Derrière la fumée, le Baou de Quatre Auro.


La semaine dernière, un violent incendie s’est déclaré dans les forêts du Mont-Caoume, près de Toulon, où il a sévi pendant trois jours, causant un véritable désastre, malgré la promptitude et l’énergie des efforts multipliés pour l’éteindre ou tout au moins le circonscrire.

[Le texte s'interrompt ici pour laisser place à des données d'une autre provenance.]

(* Let $0\le f\le\lfloor n/2\rfloor$ and $d\in\mathcal D_{\nu_f}$. Suppose $d=d's_j$ for some $1\le j\le n-1$ and $d'\in\mathfrak S_n$ with $\ell(d)=\ell(d')+1$. Then $d'\in\mathcal D_{\nu_f}$.
   Context: $\mathfrak S_n$ acts on $\{1,\dots,n\}$ on the right: $(a)(\sigma\tau)=((a)\sigma)\tau$; $s_j=(j,j+1)$ and $\ell$ is the Coxeter length. For $0\le f\le\lfloor n/2\rfloor$ let $\nu_f=((2^f),(n-2f))$, a bipartition of $n$ (first component $f$ rows of length $2$, second component one row of length $n-2f$), and let $\mathfrak t^{\nu_f}$ be the bitableau with $1,\dots,n$ entered in order along successive rows of the first component and then along the row of the second component. For $d\in\mathfrak S_n$, $\mathfrak t^{\nu_f}d$ is obtained by replacing each entry $a$ by $(a)d$. $\mathcal D_{\nu_f}$ is the set of $d\in\mathfrak S_n$ such that $\mathfrak t^{\nu_f}d$ is row standard (entries increase along each row of each component) and the first column of its first component increases from top to bottom. *)

theory Defs
  imports "HOL-Combinatorics.Combinatorics"
begin

text \<open>The symmetric group acts on the RIGHT: (a)(sigma tau) = ((a)sigma)tau,
  so the product sigma tau corresponds to the function composition tau o sigma.\<close>

definition rmult :: "(nat \<Rightarrow> nat) \<Rightarrow> (nat \<Rightarrow> nat) \<Rightarrow> (nat \<Rightarrow> nat)" where
  "rmult \<sigma> \<tau> = \<tau> \<circ> \<sigma>"

definition s :: "nat \<Rightarrow> nat \<Rightarrow> nat" where
  "s j = Transposition.transpose j (Suc j)"

fun word_perm :: "nat list \<Rightarrow> nat \<Rightarrow> nat" where
  "word_perm [] = id"
| "word_perm (j # js) = rmult (s j) (word_perm js)"

definition coxeter_length :: "nat \<Rightarrow> (nat \<Rightarrow> nat) \<Rightarrow> nat" where
  "coxeter_length n w =
     (LEAST k. \<exists>js. length js = k \<and> set js \<subseteq> {1..<n} \<and> word_perm js = w)"

text \<open>Bitableaux: a pair of components, each a list of rows (lists of entries).\<close>
type_synonym bitableau = "nat list list \<times> nat list list"

text \<open>t^{nu_f} for nu_f = ((2^f),(n-2f)).\<close>
definition t_nu :: "nat \<Rightarrow> nat \<Rightarrow> bitableau" where
  "t_nu n f = ([[2*i+1, 2*i+2]. i \<leftarrow> [0..<f]], [[2*f+1..<n+1]])"

definition tab_act :: "bitableau \<Rightarrow> (nat \<Rightarrow> nat) \<Rightarrow> bitableau" where
  "tab_act t d = (map (map d) (fst t), map (map d) (snd t))"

Dés le début, le sous-préfet avait pris, de concert avec les colonels de l’infanterie de ligne et de l’infanterie coloniale, toutes les mesures que commandaient les circonstances ; ils dirigeaient eux-mêmes les opérations entreprises par les troupes réquisitionnées contre le feu qui, sous l’action du vent, gagnait rapidement du terrain, dévorait bois et broussailles sur une étendue considérable, atteignait les champs voisins, immense foyer éclairant, la nuit, de ses lueurs sinistres, la ville et les faubourgs.

Fantassins, coloniaux, artilleurs, marins de l’escadre, rivalisèrent d’endurance et de vaillance dans cette lutte pleine de périls ; ils comptèrent de nombreux blessés et trois d’entre eux devaient tomber, victimes du devoir.

Le 23, au soir, en combattant le fléau qui redoublait d’intensité entre la commune du Revest, le hameau des Pomets et le fort du Mont-Caoume, les soldats Rougon, originaire de la Seyne (Var), Davayat, du Puy-de-Dôme, et Gabriel, de Gémenos (Bouches-du-Rhône), tous trois appartenant à la 3ème compagnie du 111ème de ligne, étaient brusquement enveloppés d’une épaisse fumée et tombaient dans le brasier incandescent, sous les cendres duquel on les retrouva carbonisés, presque méconnaissables.

La famille de Gabriel ayant réclamé son corps, on fit à ses deux camarades d’imposantes funérailles, en présence d’une foule énorme, des troupes sous les armes, des autorités civiles et militaires et du général Mathis, que le ministre de la Guerre avait spécialement délégué pour le représenter à la cérémonie ; une prolonge d’artillerie conduisit les cercueils des malheureux sauveteurs au cimetière de Lagoubran où, devant le monument du « Souvenir français », plusieurs discours furent prononcés.

Ce même jour, 25 août, le feu s’éteignit enfin, et l’on pouvait se rendre compte de l’importance des dommages matériels. Des petits propriétaires, des paysans ont eu leurs récoltes, leurs oliviers, leurs vignes, leurs vergers complètement détruits. La commune du Revest a perdu 400 hectares de forêts, la commune de Toulon plus de 800.